Quote from: The Dreamer on August 30, 2017, 08:02:33 PMCatagni states that you won't never recover 100% if you don't do the ATL.
I also did my homework.In a Catagni's study(I have the PDF and i will upload it) it is said that 19 did the ATL and 1 not.All the patients fully recovered except the one that didn't ATL.
All those patients did at LEAST 5 cm of gain in lengthening.
Therefore ATL should be not required for increments below 5 cm,which are very poor and don't worth the risks.
Maybe your doctor performed a bad ATL but I also remember that crimsontide had problems.At this point one could say that maybe crimsontide's doc had done some mistakes.
Statistically speaking it would be 19 (ATL benefits) vs 2 (ATL dangers).

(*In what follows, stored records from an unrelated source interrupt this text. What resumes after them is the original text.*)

lemma verlet_error_constant_le:
  fixes L M T nx nv :: real
  assumes "0 \<le> L" "0 \<le> M" "0 \<le> T" "0 \<le> nx" "0 \<le> nv" and small: "L * T\<^sup>2 \<le> 1/12"
  defines "s \<equiv> nx + T * nv"
  defines "Xm \<equiv> 24/23 * s"
  defines "Vm \<equiv> nv + L * T * Xm"
  shows "24/23 * (T * (L * Vm / 6) + T\<^sup>2 * (M * Vm\<^sup>2 + L * L * Xm) / 24) \<le> (L * s + M * s\<^sup>2) / 2"
proof -
  have "0 \<le> s" "0 \<le> T * nv" "T * nv \<le> s" using assms(3-5) by (simp_all add: s_def)
  have LXm: "L * T\<^sup>2 * Xm \<le> 2/23 * s"
    using mult_right_mono[OF small, of Xm] \<open>0 \<le> s\<close> by (simp add: Xm_def)
  have "0 \<le> T * Vm" using assms(1,3,5) \<open>0 \<le> s\<close> by (simp add: Vm_def Xm_def)
  have W: "T * Vm \<le> 25/23 * s"
    using LXm \<open>T * nv \<le> s\<close> by (simp add: Vm_def algebra_simps power2_eq_square)
  have "24/23 * (T * (L * Vm / 6) + T\<^sup>2 * (M * Vm\<^sup>2 + L * L * Xm) / 24)
      = 24/23 * (L * (T * Vm) / 6 + (M * (T * Vm)\<^sup>2 + L * (L * T\<^sup>2 * Xm)) / 24)"
    by (simp add: algebra_simps power2_eq_square)
  also have "\<dots> \<le> 24/23 * (L * (25/23 * s) / 6 + (M * (25/23 * s)\<^sup>2 + L * (2/23 * s)) / 24)"
    using W LXm \<open>0 \<le> T * Vm\<close> assms(1,2)
    by (intro mult_left_mono add_mono divide_right_mono mult_left_mono power_mono) auto
  also have "\<dots> = 24/23 * (25/138 * (L * s) + (625/529 * (M * s\<^sup>2) + 2/23 * (L * s)) / 24)"
    by (simp add: power2_eq_square)
  also have "\<dots> \<le> (L * s + M * s\<^sup>2) / 2"
  proof -
    have "24/23 * (25/138 * A + (625/529 * B + 2/23 * A) / 24) \<le> (A + B) / 2"
      if "0 \<le> A" "0 \<le> B" for A B :: real
      using that by (simp add: field_simps)
    then show ?thesis using assms(1,2) \<open>0 \<le> s\<close> by simp
  qed
  finally show ?thesis .
qed

context hamiltonian_field
begin

lemma verlet_global_error:
  fixes T h :: real
  assumes "0 \<le> T" "0 \<le> h" and grid: "h = 0 \<or> (\<exists>N::nat. T = N * h)" and small: "L * T\<^sup>2 \<le> 1/12"
  shows "norm (vv_q g T h x v - ham_q g T x v)
    \<le> h\<^sup>2 * ((L * (norm x + T * norm v) + M * (norm x + T * norm v)\<^sup>2) / 2)"
proof (cases "h = 0")
  case False
  obtain N :: nat where T: "T = N * h" using grid False by blast
  obtain X V where sol: "ham_sol g x v X V" using ham_sol_exists by blast
  define Xm where "Xm = 24/23 * (norm x + T * norm v)"
  define Vm where "Vm = norm v + L * T * Xm"
  have "norm (vv_q g T h x v - ham_q g T x v)
      \<le> 24/23 * (N * (L * Vm * h ^ 3 / 6) + h * ((M * Vm\<^sup>2 + L * L * Xm) * h ^ 3 / 12) * (real N)\<^sup>2 / 2)"
    using vv_step_iterate_error[OF sol \<open>0 \<le> h\<close>, of N] ham_q_eqI[OF sol \<open>0 \<le> T\<close> small] small False
    by (simp add: vv_q_def T Xm_def Vm_def)
  also have "\<dots> = h\<^sup>2 * (24/23 * (T * (L * Vm / 6) + T\<^sup>2 * (M * Vm\<^sup>2 + L * L * Xm) / 24))"
    by (simp add: T power2_eq_square power3_eq_cube algebra_simps)
  also have "\<dots> \<le> h\<^sup>2 * ((L * (norm x + T * norm v) + M * (norm x + T * norm v)\<^sup>2) / 2)"
    unfolding Vm_def Xm_def
    by (intro mult_left_mono verlet_error_constant_le L_nonneg M_nonneg \<open>0 \<le> T\<close> small) auto
  finally show ?thesis .
qed (simp add: vv_q_def)

lemma ham_q_shooting:
  assumes "0 < T" and small: "L * T\<^sup>2 \<le> 1/12"
    and close: "norm (ham_q g T y w - ham_q g T x v) \<le> \<epsilon>"
  shows "norm (w - v) \<le> 12/11 * norm (x - y) / T + 23/22 * \<epsilon> / T"
proof -
  obtain X V where sol: "ham_sol g x v X V" using ham_sol_exists by blast
  obtain X' V' where sol': "ham_sol g y w X' V'" using ham_sol_exists by blast
  have "0 \<le> T" using \<open>0 < T\<close> by simp
  have "norm (X' T - X T) \<le> \<epsilon>"
    using close ham_q_eqI[OF sol \<open>0 \<le> T\<close> small] ham_q_eqI[OF sol' \<open>0 \<le> T\<close> small] by simp
  moreover have "norm (X' T - X T - (y - x) - T *\<^sub>R (w - v)) \<le> (norm (x - y) + T * norm (w - v)) / 23"
    using ham_sol_linearization_le[OF sol' sol \<open>0 \<le> T\<close> small] by (simp add: norm_minus_commute)
  moreover have "T * norm (w - v)
      \<le> norm (X' T - X T) + norm (y - x) + norm (X' T - X T - (y - x) - T *\<^sub>R (w - v))"
    using norm_triangle_ineq4[of "X' T - X T - (y - x)" "X' T - X T - (y - x) - T *\<^sub>R (w - v)"]
      norm_triangle_ineq4[of "X' T - X T" "y - x"] \<open>0 < T\<close>
    by simp
  ultimately have "T * norm (w - v) \<le> 23/22 * \<epsilon> + 12/11 * norm (x - y)"
    by (simp add: norm_minus_commute)
  then show ?thesis
    using \<open>0 < T\<close> by (simp add: field_simps)
qed
theorem lemma7p10:
  fixes n h m :: nat and Q :: "'y::finite \<Rightarrow> 'y \<Rightarrow> real" and lam :: "nat \<Rightarrow> complex"
    and b :: "nat \<Rightarrow> int"
  assumes "symmetric_stochastic_irreducible Q"
    and "eigen_enum Q m lam"
    and "h \<le> n"
    and "\<forall>i\<le>m. b i \<ge> 0"
    and "tsize m b = int h"
  shows "\<forall>k1 k2 F G. int k1 \<ge> tlen m b \<and> k1 \<le> h \<and> real k1 \<le> (real n + of_int (tlen m b)) / 2
          \<and> int k2 \<ge> tlen m b \<and> k2 \<le> h \<and> real k2 \<le> (real n + of_int (tlen m b)) / 2
          \<and> k1 \<noteq> k2 \<and> F \<in> Phck n Q m lam h b k1 \<and> G \<in> Phck n Q m lam h b k2
          \<longrightarrow> inner_Theta n h F G = 0"
proof (intro allI impI, elim conjE)
  fix k1 k2 F G
  assume "k1 \<le> h" "k2 \<le> h" "k1 \<noteq> k2"
    and F: "F \<in> Phck n Q m lam h b k1" and G: "G \<in> Phck n Q m lam h b k2"
  show "inner_Theta n h F G = 0"
  proof (cases "k1 < k2")
    case True
    show ?thesis
      using inner_Theta_Phck_eq_0[OF assms(1,2) True \<open>k2 \<le> h\<close> F G] .
  next
    case False
    then have "k2 < k1" using \<open>k1 \<noteq> k2\<close> by simp
    then have "inner_Theta n h G F = 0"
      using inner_Theta_Phck_eq_0[OF assms(1,2) _ \<open>k1 \<le> h\<close> G F] by blast
    then show ?thesis
      using inner_Theta_commute[of n h G F] by simp
  qed
qed

end
lemma tail_sup_inf_approx:
  fixes g :: "real \<Rightarrow> real"
  assumes bounded: "\<And>y. 0 \<le> y \<Longrightarrow> 0 \<le> g y \<and> g y \<le> C" and "0 < \<eta>"
  obtains T where "0 \<le> T"
    "\<And>T'. \<exists>x\<ge>T'. Sup (g ` {T..}) - \<eta> < g x" "\<And>T'. \<exists>y\<ge>T'. g y < Inf (g ` {T..}) + \<eta>"
proof -
  define sup_tail where "sup_tail T = Sup (g ` {T..})" for T
  define inf_tail where "inf_tail T = Inf (g ` {T..})" for T
  have tail_mono: "sup_tail T' \<le> sup_tail T \<and> inf_tail T \<le> inf_tail T'"
    if T: "0 \<le> T" and T': "T \<le> T'" for T T'
    unfolding sup_tail_def inf_tail_def by (rule bounded_tail_Sup_Inf(4)[where g=g and C=C and T=T, OF bounded T T'])
  define M where "M = Inf (sup_tail ` {0..})"
  define m where "m = Sup (inf_tail ` {0..})"
  have "0 \<le> sup_tail T" "inf_tail T \<le> C" if T: "0 \<le> T" for T
    unfolding sup_tail_def inf_tail_def
    using bounded_tail_Sup_Inf(1)[where g=g and C=C and T=T, OF bounded T order_refl]
      bounded_tail_Sup_Inf(2,3)[where g=g and C=C and T=T, OF bounded T]
    by auto
  then have "bdd_below (sup_tail ` {0..})" "bdd_above (inf_tail ` {0..})"
    by (auto intro!: bdd_belowI2[where m=0] bdd_aboveI2[where M=C])
  then have M_le: "M \<le> sup_tail T" and m_ge: "inf_tail T \<le> m" if T: "0 \<le> T" for T
    unfolding M_def m_def using T by (simp_all add: cInf_lower cSup_upper)
  obtain T1 where T1: "0 \<le> T1" "sup_tail T1 < M + \<eta>"
    using cInf_lessD[of "sup_tail ` {0..}" "M + \<eta>"] \<open>0 < \<eta>\<close> unfolding M_def by auto
  obtain T2 where T2: "0 \<le> T2" "m - \<eta> < inf_tail T2"
    using less_cSupD[of "inf_tail ` {0..}" "m - \<eta>"] \<open>0 < \<eta>\<close> unfolding m_def by auto
  define T where "T = max T1 T2"
  have T: "0 \<le> T" "sup_tail T < M + \<eta>" "m - \<eta> < inf_tail T"
    using T1 T2 tail_mono[of T1 T] tail_mono[of T2 T] by (auto simp: T_def)
  show thesis
  proof (rule that[OF T(1)])
    fix T'
    have "sup_tail T - \<eta> < sup_tail (max 0 T')"
      using T M_le[of "max 0 T'"] by simp
    then obtain x where "x \<in> {max 0 T'..}" "Sup (g ` {T..}) - \<eta> < g x"
      using less_cSupD[of "g ` {max 0 T'..}" "sup_tail T - \<eta>"] unfolding sup_tail_def by blast
    then show "\<exists>x\<ge>T'. Sup (g ` {T..}) - \<eta> < g x"
      by auto
    have "inf_tail (max 0 T') < inf_tail T + \<eta>"
      using T m_ge[of "max 0 T'"] by simp
    then obtain y where "y \<in> {max 0 T'..}" "g y < Inf (g ` {T..}) + \<eta>"
      using cInf_lessD[of "g ` {max 0 T'..}" "inf_tail T + \<eta>"] unfolding inf_tail_def by blast
    then show "\<exists>y\<ge>T'. g y < Inf (g ` {T..}) + \<eta>"
      by auto
  qed
qed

But I also heard that many doctors disagree om this subject.
So what are the conclusions ? Basically we have contrasting infos and doctors opinions.Therefore until when ATL will be identified with certainty as a danger or a benefit,doing LL is a complete gamble


Why do you think <5cm is not worth it?

To me 4cm are fully worth it.

I'm 176-177.5 and it would put me at 180. Not to mention it would leave room for doing femurs later on in case I want to reach 184.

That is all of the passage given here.